Все выпили. Даже Маша пригубила капельку, даже Петька, сидевший на коленях отца, ткнулся носом об отцовскую рюмку, что означало, он тоже присоединяется к тосту.

Алевтина, сестра Дмитриева, поджала поблекшие губы, сказала надменным тоном:

— Что это за тост такой? Мой Митя был бы сейчас здесь, он бы такой тост выдал — все бы закачались!

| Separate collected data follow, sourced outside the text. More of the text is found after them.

lemma lbint_affine_subst_le:
  fixes f :: "real \<Rightarrow> real"
  assumes "c > 0" "a \<le> b"
  shows "(LBINT x=ereal a..ereal b. f x) = c * (LBINT y=ereal ((a-t)/c)..ereal ((b-t)/c). f (t + c*y))"
proof -
  have le: "(a-t)/c \<le> (b-t)/c" using assms by (simp add: divide_right_mono)
  have ind: "indicator {a<..<b} (t + c * y) =
     (indicator {(a-t)/c<..<(b-t)/c} y :: real)" for y
    using assms by (auto simp: indicator_def einterval_iff field_simps)
  have "(LBINT x=ereal a..ereal b. f x) = (\<integral>x. indicator (einterval (ereal a) (ereal b)) x *\<^sub>R f x \<partial>lborel)"
    using assms by (simp add: interval_lebesgue_integral_def set_lebesgue_integral_def)
  also have "\<dots> = \<bar>c\<bar> *\<^sub>R (\<integral>y. indicator (einterval (ereal a) (ereal b)) (t + c * y) *\<^sub>R f (t + c * y) \<partial>lborel)"
    using assms by (intro lborel_integral_real_affine) simp
  also have "\<dots> = c * (LBINT y=ereal ((a-t)/c)..ereal ((b-t)/c). f (t + c*y))"
    using assms le by (simp add: ind interval_lebesgue_integral_def set_lebesgue_integral_def)
  finally show ?thesis .
qed

lemma lbint_affine_subst:
  fixes f :: "real \<Rightarrow> real"
  assumes "c > 0"
  shows "(LBINT x=ereal a..ereal b. f x) = c * (LBINT y=ereal ((a-t)/c)..ereal ((b-t)/c). f (t + c*y))"
proof (cases "a \<le> b")
  case True then show ?thesis using lbint_affine_subst_le[OF assms] by blast
next
  case False
  then have "(LBINT x=ereal a..ereal b. f x) = - (LBINT x=ereal b..ereal a. f x)"
    by (metis interval_integral_endpoints_reverse)
  also have "\<dots> = - (c * (LBINT y=ereal ((b-t)/c)..ereal ((a-t)/c). f (t + c*y)))"
    using False lbint_affine_subst_le[OF assms, of b a] by simp
  also have "\<dots> = c * (LBINT y=ereal ((a-t)/c)..ereal ((b-t)/c). f (t + c*y))"
    by (metis interval_integral_endpoints_reverse minus_mult_right)
  finally show ?thesis .
qed

lemma lbint_shift:
  fixes f :: "real \<Rightarrow> real"
  shows "(LBINT x=ereal a..ereal b. f (x + d)) = (LBINT x=ereal (a+d)..ereal (b+d). f x)"
  using lbint_affine_subst[of 1 "a+d" "b+d" f d] by (simp add: add.commute)

definition locally_integrable :: "(real \<Rightarrow> real) \<Rightarrow> bool" where
  "locally_integrable f \<longleftrightarrow> (\<forall>a b. set_integrable lborel {a..b} f)"

lemma locally_integrable_interval:
  assumes "locally_integrable f"
  shows "interval_lebesgue_integrable lborel (ereal a) (ereal b) f"
  using assms unfolding locally_integrable_def interval_lebesgue_integrable_def
  by (auto intro: set_integrable_subset[of _ "{min a b..max a b}"] simp: einterval_iff min_def max_def)

lemma locally_integrable_bounded:
  fixes f :: "real \<Rightarrow> real"
  assumes "f \<in> borel_measurable borel" "\<And>x. \<bar>f x\<bar> \<le> M"
  shows "locally_integrable f"
  unfolding locally_integrable_def
proof (intro allI)
  fix a b :: real
  show "set_integrable lborel {a..b} f"
  proof (rule set_integrable_bound[where f="\<lambda>_. M"])
    show "set_integrable lborel {a..b} (\<lambda>_. M)"
      by (rule borel_integrable_atLeastAtMost') simp
    show "set_borel_measurable lborel {a..b} f"
      using assms(1) unfolding set_borel_measurable_def by measurable
    show "AE x\<in>{a..b} in lborel. norm (f x) \<le> norm M"
      using assms(2) by (auto intro: order_trans[OF _ abs_ge_self])
  qed
qed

— А чем же мой тост плох? — спросил Василий Куприянович.

— Не плох, а короток, — отрезала Алевтина.

Она была удачлива, может быть, потому хвастлива. Клава считала, что война обошла ее стороной, с первых дней начала работать в ОРСе номерного завода, и муж был при ней, имел бронь, часто ездил в командировки, и теперь тоже был в командировке в Ташкенте, сулился привезти урюк и рису, он был не промах, работал в отделе снабжения крупного машиностроительного завода и умел, как говорила все та же Клава, обеспечить семью по самое горлышко.

Дмитриев понимал, что Клава, хотя и пытается это скрыть, немного завидует Алевтине.

Сам он, разумеется, не питал к сестре решительно никакой зависти, но подчас она раздражала его откровенной своей хвастливостью, все, что принадлежало ей, было, как она полагала, самым лучшим, непререкаемо первосортным: и муж Митя, и дочь с внуком, и комната в заводском доме с балконом и чуланчиком в коридоре, в почти отдельной квартире, поскольку единственный сосед, старый кадровый рабочий, овдовев, снова женился и большую часть времени проводил у новой жены.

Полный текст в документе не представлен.